A faithful, word-for-word transcription of all the data is what is needed.
>>>
text \<open>Double counting vertex--edge and vertex--face incidences in a semi-equivelar map of type T
  whose faces are triangles and quadrilaterals gives \<open>12 \<chi> = n (12 - 6 d + 4 n\<^sub>3 + 3 n\<^sub>4)\<close>,
  where n is the number of vertices, d the length of T and \<open>n\<^sub>3, n\<^sub>4\<close> the numbers of 3s and 4s
  in T. For both types \<open>(3\<^sup>4,4\<^sup>2)\<close> and \<open>(3,4\<^sup>4)\<close> the bracket equals -2, so \<open>\<chi> = -1\<close>
  forces n = 6. A vertex of type \<open>(3\<^sup>4,4\<^sup>2)\<close> has 6 distinct neighbours, but only 5 other
  vertices exist. A vertex of type \<open>(3,4\<^sup>4)\<close> is then adjacent to all 5 other vertices, in
  particular to the opposite corner of a quadrilateral at it; since two faces of a polyhedral map
  meet in a vertex or an edge, such a diagonal is never an edge.\<close>

lemma face_edges_iff: "e \<in> face_edges f \<longleftrightarrow> (\<exists>i<length f. e = {f ! i, f ! (Suc i mod length f)})"
  by (auto simp: face_edges_def)

lemma finite_face_edges: "finite (face_edges f)"
proof -
  have "face_edges f = (\<lambda>i. {f ! i, f ! (Suc i mod length f)}) ` {..<length f}"
    by (auto simp: face_edges_def)
  then show ?thesis
    by simp
qed

lemma face_edge_two_vertices:
  assumes "distinct f" "3 \<le> length f" "e \<in> face_edges f"
  shows "card e = 2" "e \<subseteq> set f"
proof -
  obtain i where i: "i < length f" "e = {f ! i, f ! (Suc i mod length f)}"
    using assms(3) by (auto simp: face_edges_iff)
  have j: "Suc i mod length f < length f" "Suc i mod length f \<noteq> i"
    using i(1) assms(2) by (auto simp: mod_Suc)
  then have "f ! i \<noteq> f ! (Suc i mod length f)"
    using i(1) assms(1) by (simp add: nth_eq_iff_index_eq)
  then show "card e = 2" "e \<subseteq> set f"
    using i j(1) by auto
qed
lemma prod_F_bounds:
  assumes "\<And>j. j \<in> A \<Longrightarrow> lo \<le> a j \<and> a j \<le> hi \<and> lo \<le> b j \<and> b j \<le> hi"
    and "0 \<le> lo" "0 \<le> \<theta>" "\<theta> \<le> 1"
  shows "F lo hi \<theta> ^ card A \<le> (\<Prod>j\<in>A. F (a j) (b j) \<theta>)"
    and "(\<Prod>j\<in>A. F (a j) (b j) \<theta>) \<le> F hi lo \<theta> ^ card A"
proof -
  have bounds: "0 < F lo hi \<theta>" "F lo hi \<theta> \<le> F (a j) (b j) \<theta>"
    "0 < F (a j) (b j) \<theta>" "F (a j) (b j) \<theta> \<le> F hi lo \<theta>" if "j \<in> A" for j
    using assms(1)[OF that] assms(2-4) by (auto intro!: F_mono F_pos)
  have "(\<Prod>j\<in>A. F lo hi \<theta>) \<le> (\<Prod>j\<in>A. F (a j) (b j) \<theta>)"
    "(\<Prod>j\<in>A. F (a j) (b j) \<theta>) \<le> (\<Prod>j\<in>A. F hi lo \<theta>)"
    using bounds by (intro prod_mono; fastforce)+
  then show "F lo hi \<theta> ^ card A \<le> (\<Prod>j\<in>A. F (a j) (b j) \<theta>)"
    and "(\<Prod>j\<in>A. F (a j) (b j) \<theta>) \<le> F hi lo \<theta> ^ card A"
    by simp_all
qed

lemma card_succs: "card (succs k i) = k"
proof -
  have "succs k i = (\<lambda>j. i @ [j]) ` {..<k}"
    unfolding succs_def by auto
  then show ?thesis
    by (simp add: card_image inj_on_def)
qed

lemma succs_in_cayley_vertices:
  "i \<in> cayley_vertices k \<Longrightarrow> j \<in> succs k i \<Longrightarrow> j \<in> cayley_vertices k"
  unfolding succs_def cayley_vertices_def by auto

lemma two_system_swap: "two_system k lam \<theta> x y \<Longrightarrow> two_system k lam \<theta> y x"
  unfolding two_system_def by blast

lemma tree_solution_const:
  assumes "x > 0" "y > 0" "two_system k lam \<theta> x y"
  shows "tree_solution k lam \<theta> (\<lambda>_. x) (\<lambda>_. y)"
  using assms unfolding tree_solution_def two_system_def by (simp add: card_succs)

lemma two_system_unique_if_four_system_unique:
  assumes "\<exists>!z :: real \<times> real \<times> real \<times> real.
           (case z of (zm1, zp1, zm2, zp2) \<Rightarrow>
             zm1 > 0 \<and> zp1 > 0 \<and> zm2 > 0 \<and> zp2 > 0 \<and> four_system k lam \<theta> zm1 zp1 zm2 zp2)"
    and "x > 0" "y > 0" "two_system k lam \<theta> x y"
    and "x' > 0" "y' > 0" "two_system k lam \<theta> x' y'"
  shows "x = x' \<and> y = y'"
proof -
  have "four_system k lam \<theta> x x y y" "four_system k lam \<theta> x' x' y' y'"
    using assms unfolding four_system_def two_system_def by blast+
  then have "(x, x, y, y) = (x', x', y', y')"
    using assms(1) assms(2-3,5-6) by (elim ex1E) (metis (mono_tags, lifting) case_prod_conv)
  then show ?thesis
    by simp
qed

primrec bound_iter :: "nat \<Rightarrow> real \<Rightarrow> real \<Rightarrow> nat \<Rightarrow> real \<times> real" where
  "bound_iter k lam \<theta> 0 = (0, lam)"
| "bound_iter k lam \<theta> (Suc n) =
     (lam * F (fst (bound_iter k lam \<theta> n)) (snd (bound_iter k lam \<theta> n)) \<theta> ^ k,
      lam * F (snd (bound_iter k lam \<theta> n)) (fst (bound_iter k lam \<theta> n)) \<theta> ^ k)"

context
  fixes k :: nat and lam \<theta> :: real
  assumes lam_pos: "lam > 0" and \<theta>_nonneg: "0 \<le> \<theta>" and \<theta>_le_1: "\<theta> \<le> 1"
begin

abbreviation lower :: "nat \<Rightarrow> real" where
  "lower n \<equiv> fst (bound_iter k lam \<theta> n)"

abbreviation upper :: "nat \<Rightarrow> real" where
  "upper n \<equiv> snd (bound_iter k lam \<theta> n)"

lemma bound_iter_Suc:
  "lower (Suc n) = lam * F (lower n) (upper n) \<theta> ^ k"
  "upper (Suc n) = lam * F (upper n) (lower n) \<theta> ^ k"
  by simp_all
<<<
▶ [Response]
text \<open>Double counting vertex--edge and vertex--face incidences in a semi-equivelar map of type T
  whose faces are triangles and quadrilaterals gives \<open>12 \<chi> = n (12 - 6 d + 4 n\<^sub>3 + 3 n\<^sub>4)\<close>,
  where n is the number of vertices, d the length of T and \<open>n\<^sub>3, n\<^sub>4\<close> the numbers of 3s and 4s
  in T. For both types \<open>(3\<^sup>4,4\<^sup>2)\<close> and \<open>(3,4\<^sup>4)\<close> the bracket equals -2, so \<open>\<chi> = -1\<close>
  forces n = 6. A vertex of type \<open>(3\<^sup>4,4\<^sup>2)\<close> has 6 distinct neighbours, but only 5 other
  vertices exist. A vertex of type \<open>(3,4\<^sup>4)\<close> is then adjacent to all 5 other vertices, in
  particular to the opposite corner of a quadrilateral at it; since two faces of a polyhedral map
  meet in a vertex or an edge, such a diagonal is never an edge.\<close>

lemma face_edges_iff: "e \<in> face_edges f \<longleftrightarrow> (\<exists>i<length f. e = {f ! i, f ! (Suc i mod length f)})"
  by (auto simp: face_edges_def)

lemma finite_face_edges: "finite (face_edges f)"
proof -
  have "face_edges f = (\<lambda>i. {f ! i, f ! (Suc i mod length f)}) ` {..<length f}"
    by (auto simp: face_edges_def)
  then show ?thesis
    by simp
qed

lemma face_edge_two_vertices:
  assumes "distinct f" "3 \<le> length f" "e \<in> face_edges f"
  shows "card e = 2" "e \<subseteq> set f"
proof -
  obtain i where i: "i < length f" "e = {f ! i, f ! (Suc i mod length f)}"
    using assms(3) by (auto simp: face_edges_iff)
  have j: "Suc i mod length f < length f" "Suc i mod length f \<noteq> i"
    using i(1) assms(2) by (auto simp: mod_Suc)
  then have "f ! i \<noteq> f ! (Suc i mod length f)"
    using i(1) assms(1) by (simp add: nth_eq_iff_index_eq)
  then show "card e = 2" "e \<subseteq> set f"
    using i j(1) by auto
qed
lemma prod_F_bounds:
  assumes "\<And>j. j \<in> A \<Longrightarrow> lo \<le> a j \<and> a j \<le> hi \<and> lo \<le> b j \<and> b j \<le> hi"
    and "0 \<le> lo" "0 \<le> \<theta>" "\<theta> \<le> 1"
  shows "F lo hi \<theta> ^ card A \<le> (\<Prod>j\<in>A. F (a j) (b j) \<theta>)"
    and "(\<Prod>j\<in>A. F (a j) (b j) \<theta>) \<le> F hi lo \<theta> ^ card A"
proof -
  have bounds: "0 < F lo hi \<theta>" "F lo hi \<theta> \<le> F (a j) (b j) \<theta>"
    "0 < F (a j) (b j) \<theta>" "F (a j) (b j) \<theta> \<le> F hi lo \<theta>" if "j \<in> A" for j
    using assms(1)[OF that] assms(2-4) by (auto intro!: F_mono F_pos)
  have "(\<Prod>j\<in>A. F lo hi \<theta>) \<le> (\<Prod>j\<in>A. F (a j) (b j) \<theta>)"
    "(\<Prod>j\<in>A. F (a j) (b j) \<theta>) \<le> (\<Prod>j\<in>A. F hi lo \<theta>)"
    using bounds by (intro prod_mono; fastforce)+
  then show "F lo hi \<theta> ^ card A \<le> (\<Prod>j\<in>A. F (a j) (b j) \<theta>)"
    and "(\<Prod>j\<in>A. F (a j) (b j) \<theta>) \<le> F hi lo \<theta> ^ card A"
    by simp_all
qed

lemma card_succs: "card (succs k i) = k"
proof -
  have "succs k i = (\<lambda>j. i @ [j]) ` {..<k}"
    unfolding succs_def by auto
  then show ?thesis
    by (simp add: card_image inj_on_def)
qed

lemma succs_in_cayley_vertices:
  "i \<in> cayley_vertices k \<Longrightarrow> j \<in> succs k i \<Longrightarrow> j \<in> cayley_vertices k"
  unfolding succs_def cayley_vertices_def by auto

lemma two_system_swap: "two_system k lam \<theta> x y \<Longrightarrow> two_system k lam \<theta> y x"
  unfolding two_system_def by blast

lemma tree_solution_const:
  assumes "x > 0" "y > 0" "two_system k lam \<theta> x y"
  shows "tree_solution k lam \<theta> (\<lambda>_. x) (\<lambda>_. y)"
  using assms unfolding tree_solution_def two_system_def by (simp add: card_succs)

lemma two_system_unique_if_four_system_unique:
  assumes "\<exists>!z :: real \<times> real \<times> real \<times> real.
           (case z of (zm1, zp1, zm2, zp2) \<Rightarrow>
             zm1 > 0 \<and> zp1 > 0 \<and> zm2 > 0 \<and> zp2 > 0 \<and> four_system k lam \<theta> zm1 zp1 zm2 zp2)"
    and "x > 0" "y > 0" "two_system k lam \<theta> x y"
    and "x' > 0" "y' > 0" "two_system k lam \<theta> x' y'"
  shows "x = x' \<and> y = y'"
proof -
  have "four_system k lam \<theta> x x y y" "four_system k lam \<theta> x' x' y' y'"
    using assms unfolding four_system_def two_system_def by blast+
  then have "(x, x, y, y) = (x', x', y', y')"
    using assms(1) assms(2-3,5-6) by (elim ex1E) (metis (mono_tags, lifting) case_prod_conv)
  then show ?thesis
    by simp
qed

primrec bound_iter :: "nat \<Rightarrow> real \<Rightarrow> real \<Rightarrow> nat \<Rightarrow> real \<times> real" where
  "bound_iter k lam \<theta> 0 = (0, lam)"
| "bound_iter k lam \<theta> (Suc n) =
     (lam * F (fst (bound_iter k lam \<theta> n)) (snd (bound_iter k lam \<theta> n)) \<theta> ^ k,
      lam * F (snd (bound_iter k lam \<theta> n)) (fst (bound_iter k lam \<theta> n)) \<theta> ^ k)"

context
  fixes k :: nat and lam \<theta> :: real
  assumes lam_pos: "lam > 0" and \<theta>_nonneg: "0 \<le> \<theta>" and \<theta>_le_1: "\<theta> \<le> 1"
begin

abbreviation lower :: "nat \<Rightarrow> real" where
  "lower n \<equiv> fst (bound_iter k lam \<theta> n)"

abbreviation upper :: "nat \<Rightarrow> real" where
  "upper n \<equiv> snd (bound_iter k lam \<theta> n)"

lemma bound_iter_Suc:
  "lower (Suc n) = lam * F (lower n) (upper n) \<theta> ^ k"
  "upper (Suc n) = lam * F (upper n) (lower n) \<theta> ^ k"
  by simp_all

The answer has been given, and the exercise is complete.